Because of these issues that are pushed to the forefront by ebikes, there absolutely need to be specific management considerations for them.

Also potential issues with ebikes:

battery fires
fitness filters on trail systems largely aren't an issue for ebikers, so some ebikers are going to wind up in places they lack the skills/fitness to deal with...especially if the electronic systems on their bike fail.
aforementioned enforcement when it comes to illegal ebikes, illegal aftermarket kits, and illegal modifications that put a stock ebike outside of legal specs. this is a huge amount of extra oversight land managers will be expected to perform.
These aren't insurmountable issues. But they're issues that it would be a bad idea to ignore now, before they become actual problems.

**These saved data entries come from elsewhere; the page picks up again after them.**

(* For every $F\in\mathbb{N}^d$, $N(F)\le\sqrt{3}^{\,\|F\|}$.
   Context: $\mathbb{N}=\{0,1,2,\dots\}$. A GNS is a submonoid $S\subseteq\mathbb{N}^d$ with finite complement $\mathcal{H}(S)=\mathbb{N}^d\setminus S$. A Frobenius GNS with Frobenius gap $F$ is a GNS such that $F$ is the unique maximal element of $\mathcal{H}(S)$ for the natural partial order. $N(F)$ is the number of Frobenius GNS $S\subseteq\mathbb{N}^d$ with Frobenius gap $F$. $\|F\|=\prod_{i=1}^d(F^{(i)}+1)$. *)

theory Defs
  imports Complex_Main
begin

definition NN :: "nat \<Rightarrow> nat list set" where
  "NN d = {x. length x = d}"

definition vzero :: "nat \<Rightarrow> nat list" where
  "vzero d = replicate d 0"

definition vadd :: "nat list \<Rightarrow> nat list \<Rightarrow> nat list" where
  "vadd x y = map2 (+) x y"

definition vle :: "nat list \<Rightarrow> nat list \<Rightarrow> bool" where
  "vle x y \<longleftrightarrow> length x = length y \<and> (\<forall>i < length x. x ! i \<le> y ! i)"

definition submonoid :: "nat \<Rightarrow> nat list set \<Rightarrow> bool" where
  "submonoid d S \<longleftrightarrow> S \<subseteq> NN d \<and> vzero d \<in> S \<and> (\<forall>x\<in>S. \<forall>y\<in>S. vadd x y \<in> S)"

definition gaps :: "nat \<Rightarrow> nat list set \<Rightarrow> nat list set" where
  "gaps d S = NN d - S"

definition GNS :: "nat \<Rightarrow> nat list set \<Rightarrow> bool" where
  "GNS d S \<longleftrightarrow> submonoid d S \<and> finite (gaps d S)"

definition is_maximal :: "nat list set \<Rightarrow> nat list \<Rightarrow> bool" where
  "is_maximal A x \<longleftrightarrow> x \<in> A \<and> (\<forall>y\<in>A. vle x y \<longrightarrow> y = x)"

definition Frobenius_GNS :: "nat \<Rightarrow> nat list set \<Rightarrow> nat list \<Rightarrow> bool" where
  "Frobenius_GNS d S F \<longleftrightarrow> GNS d S \<and> is_maximal (gaps d S) F \<and>
     (\<forall>G. is_maximal (gaps d S) G \<longrightarrow> G = F)"

definition N_Frob :: "nat \<Rightarrow> nat list \<Rightarrow> nat" where
  "N_Frob d F = card {S. Frobenius_GNS d S F}"

definition boxnorm :: "nat list \<Rightarrow> nat" where
  "boxnorm F = (\<Prod>i<length F. F ! i + 1)"

end

theory Submission
  imports Defs
begin

text \<open>Every gap of a Frobenius GNS lies below some maximal gap, hence below F; so S is determined
by its trace on the box B = {x. x \<le> F}. If x and F - x both lay in S, so would their sum F, which is a
gap. Hence the trace on B contains no orbit of the involution x \<mapsto> F - x of B: each 2-orbit allows
3 choices and each fixed point none, giving at most sqrt 3 ^ |B| traces.\<close>

definition free_subsets :: "('a \<Rightarrow> 'a) \<Rightarrow> 'a set \<Rightarrow> 'a set set" where
  "free_subsets \<sigma> A = {T. T \<subseteq> A \<and> (\<forall>x\<in>T. \<sigma> x \<notin> T)}"

lemma finite_free_subsets: "finite A \<Longrightarrow> finite (free_subsets \<sigma> A)"
  unfolding free_subsets_def by (rule finite_subset[of _ "Pow A"]) auto

lemma free_subsets_remove_fixpoint:
  "\<sigma> x = x \<Longrightarrow> free_subsets \<sigma> A = free_subsets \<sigma> (A - {x})"
  unfolding free_subsets_def by auto

lemma card_free_subsets_remove_pair:
  assumes "finite A"
  shows "card (free_subsets \<sigma> A) \<le> 3 * card (free_subsets \<sigma> (A - {x, \<sigma> x}))"
proof -
  let ?A = "A - {x, \<sigma> x}"
  let ?P = "free_subsets \<sigma> ?A \<times> {{}, {x}, {\<sigma> x}}"
  have split: "free_subsets \<sigma> A \<subseteq> (\<lambda>(T, U). T \<union> U) ` ?P"
  proof
    fix T assume T: "T \<in> free_subsets \<sigma> A"
    then have "T \<inter> ?A \<in> free_subsets \<sigma> ?A" "T - ?A \<in> {{}, {x}, {\<sigma> x}}"
      unfolding free_subsets_def by auto
    then show "T \<in> (\<lambda>(T, U). T \<union> U) ` ?P"
      by (intro image_eqI[of _ _ "(T \<inter> ?A, T - ?A)"]) auto
  qed
  have fin: "finite ?P" using finite_free_subsets assms by blast
  have "card (free_subsets \<sigma> A) \<le> card ?P"
    using card_mono[OF finite_imageI[OF fin] split] card_image_le[OF fin, of "\<lambda>(T, U). T \<union> U"]
    by linarith
  also have "\<dots> \<le> 3 * card (free_subsets \<sigma> ?A)"
    by (simp add: card_cartesian_product card_insert_if)
  finally show ?thesis .
qed

lemma card_free_subsets_involution:
  assumes "finite A" "\<And>x. x \<in> A \<Longrightarrow> \<sigma> x \<in> A" "\<And>x. x \<in> A \<Longrightarrow> \<sigma> (\<sigma> x) = x"
  shows "real (card (free_subsets \<sigma> A)) \<le> sqrt 3 ^ card A"
  using assms
proof (induction "card A" arbitrary: A rule: less_induct)
  case less
  show ?case
  proof (cases "A = {}")
    case True
    then have "free_subsets \<sigma> A = {{}}" unfolding free_subsets_def by auto
    then show ?thesis using True by simp
  next
    case False
    then obtain x where x: "x \<in> A" by blast
    show ?thesis
    proof (cases "\<sigma> x = x")
      case True
      let ?A = "A - {x}"
      have smaller: "card ?A < card A" using x less.prems(1) by (meson card_Diff1_less)
      have "\<sigma> y \<in> ?A" if "y \<in> ?A" for y
        using that less.prems(2) less.prems(3)[of y] True by auto
      then have "real (card (free_subsets \<sigma> ?A)) \<le> sqrt 3 ^ card ?A"
        using less.hyps[OF smaller] less.prems by auto
      also have "\<dots> \<le> sqrt 3 ^ card A" using smaller by (intro power_increasing) auto
      finally show ?thesis using free_subsets_remove_fixpoint[of \<sigma> x A] True by simp
    next
      case False
      let ?A = "A - {x, \<sigma> x}"
      have "{x, \<sigma> x} \<subseteq> A" using x less.prems(2) by blast
      then have card_A: "card A = card ?A + 2"
        using False less.prems(1) card_mono[of A "{x, \<sigma> x}"] by (simp add: card_Diff_subset)
      have "\<sigma> y \<in> ?A" if "y \<in> ?A" for y
        using that less.prems(2) less.prems(3)[of y] less.prems(3)[OF x] by auto
      then have "real (card (free_subsets \<sigma> ?A)) \<le> sqrt 3 ^ card ?A"
        using less.hyps[of ?A] less.prems card_A by auto
      then have "real (card (free_subsets \<sigma> A)) \<le> 3 * sqrt 3 ^ card ?A"
        using card_free_subsets_remove_pair[OF less.prems(1), of \<sigma> x] by linarith
      also have "\<dots> = sqrt 3 ^ card A" by (simp add: card_A power_add)
      finally show ?thesis .
    qed
  qed
qed

lemma vle_iff_list_all2: "vle x y \<longleftrightarrow> list_all2 (\<le>) x y"
  unfolding vle_def by (simp add: list_all2_conv_all_nth)

lemma vle_trans: "vle x y \<Longrightarrow> vle y z \<Longrightarrow> vle x z"
  unfolding vle_def by (metis order_trans)

lemma vle_antisym_sum_list:
  "vle x y \<Longrightarrow> sum_list y \<le> sum_list x \<Longrightarrow> x = y"
  unfolding vle_iff_list_all2
proof (induction rule: list_all2_induct)
  case (Cons a as b bs)
  have "sum_list as \<le> sum_list bs"
    using Cons.hyps(2) by (induction rule: list_all2_induct) auto
  then show ?case using Cons by auto
qed simp

lemma exists_maximal_above:
  assumes "finite A" "g \<in> A"
  shows "\<exists>m. is_maximal A m \<and> vle g m"
proof -
  let ?C = "{z \<in> A. vle g z}"
  have "finite ?C" "g \<in> ?C" using assms unfolding vle_def by auto
  then obtain m where m: "m \<in> ?C" "sum_list m = Max (sum_list ` ?C)"
    using Max_in[of "sum_list ` ?C"] by fastforce
  have "y = m" if "y \<in> A" "vle m y" for y
  proof -
    have "y \<in> ?C" using that m vle_trans by blast
    then have "sum_list y \<le> sum_list m" using m \<open>finite ?C\<close> by simp
    then show "y = m" using vle_antisym_sum_list[OF that(2)] by simp
  qed
  then show ?thesis using m unfolding is_maximal_def by blast
qed

lemma Frobenius_GNS_gap_le:
  assumes "Frobenius_GNS d S F" "g \<in> gaps d S"
  shows "vle g F"
proof -
  have "finite (gaps d S)" using assms(1) unfolding Frobenius_GNS_def GNS_def by simp
  then obtain m where "is_maximal (gaps d S) m" "vle g m"
    using exists_maximal_above assms(2) by blast
  then show ?thesis using assms(1) unfolding Frobenius_GNS_def by blast
qed

definition box :: "nat list \<Rightarrow> nat list set" where
  "box F = {x. vle x F}"

lemma box_Cons: "box (a # F) = (\<lambda>(h, t). h # t) ` ({0..a} \<times> box F)"
proof -
  have "vle x (a # F) \<longleftrightarrow> (\<exists>h t. x = h # t \<and> h \<le> a \<and> vle t F)" for x
    unfolding vle_iff_list_all2 by (auto simp: list_all2_Cons2)
  then show ?thesis unfolding box_def by auto
qed

lemma boxnorm_Cons: "boxnorm (a # F) = (a + 1) * boxnorm F"
  unfolding boxnorm_def by (simp add: prod.lessThan_Suc_shift del: prod.lessThan_Suc)

lemma finite_box_card: "finite (box F) \<and> card (box F) = boxnorm F"
proof (induction F)
  case Nil
  have "box [] = {[]}" unfolding box_def vle_def by auto
  then show ?case by (simp add: boxnorm_def)
next
  case (Cons a F)
  have "inj_on (\<lambda>(h, t). h # t) ({0..a} \<times> box F)" by (auto simp: inj_on_def)
  then show ?case
    using Cons by (simp add: box_Cons boxnorm_Cons card_image card_cartesian_product)
qed

definition reflect :: "nat list \<Rightarrow> nat list \<Rightarrow> nat list" where
  "reflect F x = map2 (-) F x"

lemma
  assumes "x \<in> box F"
  shows reflect_in_box: "reflect F x \<in> box F"
    and reflect_reflect: "reflect F (reflect F x) = x"
    and vadd_reflect: "vadd x (reflect F x) = F"
  using assms unfolding box_def vle_def reflect_def vadd_def
  by (auto intro!: nth_equalityI)

lemma Frobenius_GNS_determined_by_box:
  assumes "Frobenius_GNS d S F"
  shows "S = (NN d - box F) \<union> (S \<inter> box F)"
proof -
  have "S \<subseteq> NN d" using assms unfolding Frobenius_GNS_def GNS_def submonoid_def by blast
  moreover have "NN d - box F \<subseteq> S"
    using Frobenius_GNS_gap_le[OF assms] unfolding gaps_def box_def by blast
  ultimately show ?thesis by blast
qed

lemma Frobenius_GNS_box_free:
  assumes "Frobenius_GNS d S F"
  shows "S \<inter> box F \<in> free_subsets (reflect F) (box F)"
  unfolding free_subsets_def
proof (intro CollectI conjI ballI notI)
  fix x assume x: "x \<in> S \<inter> box F" and "reflect F x \<in> S \<inter> box F"
  then have "vadd x (reflect F x) \<in> S"
    using assms unfolding Frobenius_GNS_def GNS_def submonoid_def by blast
  moreover have "F \<notin> S"
    using assms unfolding Frobenius_GNS_def is_maximal_def gaps_def by blast
  ultimately show False using vadd_reflect x by simp
qed blast

theorem lemma6p1:
  fixes d :: nat and F :: "nat list"
  assumes "F \<in> NN d"
  shows "real (N_Frob d F) \<le> sqrt 3 ^ boxnorm F"
proof -
  let ?Frob = "{S. Frobenius_GNS d S F}"
  have "inj_on (\<lambda>S. S \<inter> box F) ?Frob"
  proof (rule inj_onI)
    fix S S' assume "S \<in> ?Frob" "S' \<in> ?Frob" and trace: "S \<inter> box F = S' \<inter> box F"
    then have "S = (NN d - box F) \<union> (S \<inter> box F)" "S' = (NN d - box F) \<union> (S' \<inter> box F)"
      using Frobenius_GNS_determined_by_box by blast+
    then show "S = S'" using trace by argo
  qed
  moreover have "(\<lambda>S. S \<inter> box F) ` ?Frob \<subseteq> free_subsets (reflect F) (box F)"
    using Frobenius_GNS_box_free by blast
  ultimately have "N_Frob d F \<le> card (free_subsets (reflect F) (box F))"
    unfolding N_Frob_def
    by (intro card_inj_on_le finite_free_subsets) (simp_all add: finite_box_card)
  then have "real (N_Frob d F) \<le> real (card (free_subsets (reflect F) (box F)))" by simp
  also have "\<dots> \<le> sqrt 3 ^ card (box F)"
    by (intro card_free_subsets_involution) (simp_all add: finite_box_card reflect_in_box reflect_reflect)
  finally show ?thesis by (simp add: finite_box_card)
qed

end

Another problem I have is with ebikers simply expecting to ride on the coattails of previous mtb advocacy efforts. Because e-bikes actually are different in some important ways, it's hurting e-biker advocacy efforts to pretend that those differences don't exist. E-bikers need to do their own organizing and advocacy work to address those issues on their end. Because you can bet that the manufacturers won't be doing it. E-bikers aren't going to like to have non-e-bike-riders addressing these issues. And if the land managers have to get involved to address issues, y'all aren't going to like it, either.


----------



## julien AR (Jun 2, 2011)

Harold said:


> Also potential issues with ebikes:
> 
> battery fires
> fitness filters on trail systems largely aren't an issue for ebikers, so some ebikers are going to wind up in places they lack the skills/fitness to deal with...especially if the electronic systems on their bike fail.
> aforementioned enforcement when it comes to illegal ebikes, illegal aftermarket kits, and illegal modifications that put a stock ebike outside of legal specs. this is a huge amount of extra oversight land managers will be expected to perform.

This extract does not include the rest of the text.